Let’s talk about mentors — those people who teach you something, or guide you with advice because they are an expert or have more knowledge on a topic.  Those people who have “been there, done that, seen that,” and want to share.

I could tell you about the senior partner in the first law firm I worked in who guided me as a young attorney.  He was welcoming and smart as he tried to show me how to handle being the first woman in the firm while at the same time learning how to be a lawyer. I could tell you about the women who guided me in my run for the presidency of the national organization I volunteer for — they were  great. Those were “singular purpose” mentors for me. They were very important at the time and they were definitely appreciated.

But instead, I want to speak with you about mentors who made and continue to make indelible imprints on me and my life. I’m going to start with my youngest mentors — my children who now are adults. Aaron is an attorney and Jessica is a family practice physician. But for a long time, they have been mentors to me. Though they are 26 and 29 years my junior, sometimes they are the experts, I am the protégée. 

If a mentor is someone who guides and gives advice to help further your goals, then my kids are mentors of my goal to live a full life, and to always try new things, even if the explorations are small and some may think insignificant. They mentor my psyche to grow in other directions. Who knew about sous vide cooking, or details about the different parts of New York to explore?

I was always an uptown girl and a Broadway fan. Recently, Aaron took my husband Alex, myself and Jessica to an out-of-the way art exhibit of artist Jean-Michel Basquiat at the Brant Foundation in the East Village. It wasn’t only the art and the building that were great, but also the crowd that flocked to the exhibit was not my usual Guggenheim crowd.  I loved it.  

Jess took me way off-Broadway to the Daryl Roth Theatre for “Gloria, A Life” in a small theatre with a conversation about women’s rights between the audience and the cast after the show. I loved it. Their mentoring expanded my horizons. “Mom, try something different”, they would say.  And the best part is going through the experience with them by my side. They mentor my life with this “newness” in their perspective and advice.
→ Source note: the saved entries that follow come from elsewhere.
(* Let $\bm{P}$ be a probability measure on $\mathbb{X}^\infty$ of the form $\bm{P}(x)=\int\bm{P}_{\bm{\theta}}(x)\,d\bm{\pi}(\bm{\theta})$, and suppose $\bm{P}$ is computable and $c:\mathbb{N}\to\mathbb{Y}^+$ is a computable prefix code for natural numbers. Then the Bayesian code $C$ with respect to $(\{\bm{P}_{\bm{\theta}}\},\bm{\pi},c)$ is $(\mathcal{B}_{\bm{P}},|c(n)|+1)$-superuniversal; that is, $C$ is a computable prefix code and for every $\bm{x}\in\mathcal{B}_{\bm{P}}$, $|C(x^n)|-K(x^n)<|c(n)|+1$ holds for all but finitely many $n\in\mathbb{N}$.
   Context: $\mathbb{X}$ is a countable alphabet, $\mathbb{Y}=\{0,1,\ldots,D-1\}$, $\log$ is logarithm to base $D$, $x^n$ is the length-$n$ prefix of $\bm{x}\in\mathbb{X}^\infty$, and $K$ is prefix Kolmogorov complexity for a fixed universal prefix machine. A code $C$ is computable if both $C$ and $C^{-1}$ are computable. $\{\bm{P}_{\bm{\theta}}:\bm{\theta}\in\bm{\Theta}\}$ is a measurably parameterized family of probability measures on $\mathbb{X}^\infty$ and $\bm{\pi}$ a prior probability measure on $\bm{\Theta}$. The Bayesian code is $C(x)=c(|x|)\bm{C}(x)$ where $\bm{C}(x)$ is the Shannon–Fano codeword for $x$ with respect to $\bm{P}$, a codeword of length $\lceil-\log\bm{P}(x)\rceil$ from a prefix code among strings of each fixed length, so $|C(x)|=|c(|x|)|+\lceil-\log\bm{P}(x)\rceil$. $\bm{P}$ is computable if $(x,m)\mapsto\lfloor\bm{P}(x)D^m\rfloor D^{-m}$ is computable. $\mathcal{B}_{\bm{P}}$ (the $\bm{P}$-Barron random sequences) is the set of $\bm{x}\in\mathbb{X}^\infty$ such that $K(x^n)+\log\bm{P}(x^n)>0$ for all but finitely many $n$. *)

theory Defs
  imports "HOL-Probability.Probability" "HOL-Library.Nat_Bijection" "HOL-Library.Sublist"
begin

fun prec :: "(nat list \<Rightarrow> nat option) \<Rightarrow> (nat list \<Rightarrow> nat option) \<Rightarrow> nat \<Rightarrow> nat list \<Rightarrow> nat option" where
  "prec f g 0 xs = f xs"
| "prec f g (Suc y) xs = (case prec f g y xs of None \<Rightarrow> None | Some r \<Rightarrow> g (y # r # xs))"

definition mu :: "(nat list \<Rightarrow> nat option) \<Rightarrow> nat list \<Rightarrow> nat option" where
  "mu f xs = (if \<exists>y. f (y # xs) = Some 0 \<and> (\<forall>z<y. f (z # xs) \<noteq> None)
              then Some (LEAST y. f (y # xs) = Some 0 \<and> (\<forall>z<y. f (z # xs) \<noteq> None))
              else None)"

text \<open>partrec n f: f is a partial recursive function of arity n (its values on
  argument lists of length different from n are irrelevant).\<close>
inductive partrec :: "nat \<Rightarrow> (nat list \<Rightarrow> nat option) \<Rightarrow> bool" where
  zero: "partrec n (\<lambda>_. Some 0)"
| succ: "partrec 1 (\<lambda>xs. Some (Suc (hd xs)))"
| proj: "i < n \<Longrightarrow> partrec n (\<lambda>xs. Some (xs ! i))"
| comp: "partrec m g \<Longrightarrow> (\<And>i. i < m \<Longrightarrow> partrec n (fs i)) \<Longrightarrow>
         partrec n (\<lambda>xs. if (\<forall>i<m. fs i xs \<noteq> None)
                          then g (map (\<lambda>i. the (fs i xs)) [0..<m]) else None)"
| prim: "partrec n f \<Longrightarrow> partrec (Suc (Suc n)) g \<Longrightarrow>
         partrec (Suc n) (\<lambda>xs. prec f g (hd xs) (tl xs))"
| minim: "partrec (Suc n) f \<Longrightarrow> partrec n (mu f)"
| ext: "partrec n f \<Longrightarrow> (\<And>xs. length xs = n \<Longrightarrow> g xs = f xs) \<Longrightarrow> partrec n g"

definition computable1 :: "(nat \<Rightarrow> nat option) \<Rightarrow> bool" where
  "computable1 f \<longleftrightarrow> partrec 1 (\<lambda>xs. f (hd xs))"

text \<open>The countable alphabet is identified with an initial segment of nat
  (all of nat if it is infinite) via the fixed enumeration to_nat.\<close>
definition sym_code :: "'a::countable \<Rightarrow> nat" where
  "sym_code a = card {b::'a. to_nat b < to_nat a}"

definition str_code :: "'a::countable list \<Rightarrow> nat" where
  "str_code x = list_encode (map sym_code x)"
Working for Hadassah, “moving forward” has always been my mantra. Every time I was going to accept a higher Hadassah position or run for a higher office, my children, along with my husband,  were my greatest supporters. Telling myself to “move into the future, try something new” really helped solidify these decisions. Their encouragement to expand my horizons is priceless to me.   

My most important mentors were, and always will be, my parents, Alyce and Sid Unger, of blessed memory. They were experts in living a good, family-oriented life with Jewish values and traditions, with honesty and love, and righteousness. They taught me the value of a strong work ethic regardless of the job. They were the experts that I looked to — and in so many ways, they are still the experts I look to — when I make our house into a home, when I prepare, cook and bake for the holidays, when I try to bait a fishing pole, when I speak/deal with people, when I hold our new grandson and love him with all my heart. These represent only the tiniest part of what they taught me and mentored me in. Life experiences can affect you. People you meet along the way certainly impact and touch you.  But for me, whenever I do the things my parents taught me decades ago, when I do them in the present year, I am mentored anew.  

My father was a graduate of Kings Point Merchant Marine Academy where the motto is “Acta non verba” – “deeds, not words”. I could tell you about how he taught me to anchor our boat, or how he taught me how to tie up when we docked so that the boat was secure. I wonder if he realized the metaphors in those lessons – by deeds of the teaching, rather than by words – he mentored me in being an anchor for our family, a place of secure holding that could be trusted.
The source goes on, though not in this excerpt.